2024-07-12 –, Method (1.5)
This package offers efficient storage of large array snapshots during simulations, using ZFP compression for in-memory or out-of-core (file-based) storage. Both compress 2D to 4D arrays for intermediate steps in iterative process, which can be used for gradient calculation, plotting, and other applications. The Innn-memory compresses arrays into byte vectors, while the out-of-core storage compresses and writes array slices to files per thread, showing great performance in heavy simulations.
It is common in numerical simulations to store the state variable, commonly an array, at each or select iterations of the simulation. This is done for many reasons, such as restarting the simulation from a certain point, analyzing the evolution of the state variable, or calculating the gradient using the adjoint state method. In this work, we present a package that aims to provide a simple interface to compress arrays that compose the state of a simulation using the ZFP compression algorithm.
Preserving a simulation's state is a well-established practice, often achieved through advanced techniques. In the context of implementing the adjoint state method, it is essential to store the state of the forward modelling function. This stored state is then utilized in each iteration of the adjoint modelling to compute the gradient. However, due to the extensive data involved – a product of the grid's spatial dimensions and the number of temporal iterations – storing every state in memory becomes impractical for large-scale models.
The more straightforward solution is to store every state in a data storage device, which raises several other issues. The most obvious is that the storage device might need more space to support the size of the collection of arrays. Given enough space, the storage device has to have enough performance not to increase the simulation time per iteration considerably. However, even if it can store all of them, it is a matter of how many write cycles this storage device can handle before it breaks.
Compression tries to trade computation time for a reduction in needed storage, increasing the storage device's lifespan and allowing it to fit more data. However, several algorithms have different parameters to consider when it comes to floating point compression.

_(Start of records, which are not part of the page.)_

(*
  Write r for the rank function of M, and d and t for its dimensionality and threshold.
  By induction on k, every bipartition (E1, E2) of the edges of a (max t c + k)-connected
  graph G satisfies  r G + min k (min (r E1) (r E2)) <= r E1 + r E2,  which rules out vertical
  k'-separations for k' <= k.  For the induction step pick a vertex v incident to both parts.
  G - v is (max t c + k - 1)-connected, hence rigid, and deleting v lowers r G by at most d:
  a circuit of minimum degree d + 1 on t + 1 vertices, placed in a complete graph with its
  minimum-degree vertex at v, shows  r (K (W + v)) <= r (K W) + d  whenever |W| >= t.
  Conversely, every vertex of a circuit has degree greater than d, so any at most d edges of E_i
  at v are coloops once the other edges at v are removed; hence deleting v lowers r E_i by at
  least min (deg v) d.
  Finally, d >= 1 because M is unbounded, so stars are independent and r E_i >= deg v.
*)

section \<open>Matroids\<close>

locale matroid =
  fixes S :: "'e set" and indep :: "'e set \<Rightarrow> bool"
  assumes matroid_on: "matroid_on S indep"
begin

lemma finite_ground: "finite S"
  and indep_subset_ground: "indep X \<Longrightarrow> X \<subseteq> S"
  and indep_empty: "indep {}"
  and indep_subset: "indep Y \<Longrightarrow> X \<subseteq> Y \<Longrightarrow> indep X"
  and indep_augment: "indep X \<Longrightarrow> indep Y \<Longrightarrow> card X < card Y \<Longrightarrow> \<exists>y\<in>Y - X. indep (insert y X)"
  using matroid_on unfolding matroid_on_def by blast+

lemma indep_finite: "indep X \<Longrightarrow> finite X"
  using finite_subset[OF indep_subset_ground finite_ground] .

lemma indep_card_le_ground: "indep X \<Longrightarrow> card X \<le> card S"
  by (simp add: card_mono finite_ground indep_subset_ground)

lemma finite_rank_candidates: "finite {card Y |Y. Y \<subseteq> X \<and> indep Y}"
proof -
  have "{card Y |Y. Y \<subseteq> X \<and> indep Y} \<subseteq> {..card S}"
    using indep_card_le_ground by auto
  then show ?thesis
    using finite_subset by blast
qed

lemma rank_ge_card_indep:
  assumes "B \<subseteq> X" "indep B"
  shows "card B \<le> mrank indep X"
proof -
  have "card B \<in> {card Y |Y. Y \<subseteq> X \<and> indep Y}"
    using assms by blast
  then show ?thesis
    unfolding mrank_def by (rule Max_ge[OF finite_rank_candidates])
qed

lemma obtain_basis:
  obtains B where "B \<subseteq> X" "indep B" "card B = mrank indep X"
proof -
  have "{card Y |Y. Y \<subseteq> X \<and> indep Y} \<noteq> {}"
    using indep_empty by blast
  then have "mrank indep X \<in> {card Y |Y. Y \<subseteq> X \<and> indep Y}"
    unfolding mrank_def by (rule Max_in[OF finite_rank_candidates])
  then show ?thesis
    using that by auto
qed

lemma rank_le_card: "finite X \<Longrightarrow> mrank indep X \<le> card X"
proof -
  assume "finite X"
  obtain B where "B \<subseteq> X" "indep B" "card B = mrank indep X"
    by (rule obtain_basis)
  then show ?thesis
    using card_mono[OF \<open>finite X\<close> \<open>B \<subseteq> X\<close>] by simp
qed

lemma rank_mono: "X \<subseteq> Y \<Longrightarrow> mrank indep X \<le> mrank indep Y"
proof -
  assume "X \<subseteq> Y"
  obtain B where "B \<subseteq> X" "indep B" "card B = mrank indep X"
    by (rule obtain_basis)
  then show ?thesis
    using rank_ge_card_indep[of B Y] \<open>X \<subseteq> Y\<close> by auto
qed

lemma rank_indep: "indep X \<Longrightarrow> mrank indep X = card X"
  using indep_finite rank_ge_card_indep[of X X] rank_le_card[of X] by simp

The chosen one was the ZFP algorithm (Lindstrom, 2014; Diffenderfer et al., 2019), with the wrapper ZfpCompression.jl, because it can handle different levels of lossy compression with different parametrizations that allow more control over throughput, space-saving and decompressed image quality. It is a lossy and lossless compression algorithm that can compress arrays of floating point numbers targeting numerical simulations. The main argument for its creation was that simulations usually have barely any size decrease when using lossless compression, as can be seen in Table 4 of Ratanaworabhan et al. (2006), given that the numbers are all floating point with very little room for deduplication techniques commonly employed by this kind of algorithm. However, lossy compression can use thresholding/truncation techniques to decrease the size of the array. However, it has to be careful to keep the signal-to-noise ratio lower so that it does not reduce the accuracy of the simulation. The ZFP algorithm allows users to control how much accuracy, throughput or precision is necessary for their specific problem and is highly parallelizable. Thus, the package described in this paper uses it in the backend by leveraging the ZfpCompression.jl package.
The package SequentialCompression.jl described in this report can compress a collection of arrays, fed to a data structure sequentially, and decompress arrays in any order by simple linear indexing. It has two compressors; one compresses whole arrays and saves them in a long binary vector in memory, and the other splits each array on its last dimension and compresses and saves each piece to one or several data storage devices, with one file per CPU thread. The former will be called the ''in-memory'' compressor, and the latter the ''multifile'' compressor. It aims to provide a simple interface to compress and access these arrays.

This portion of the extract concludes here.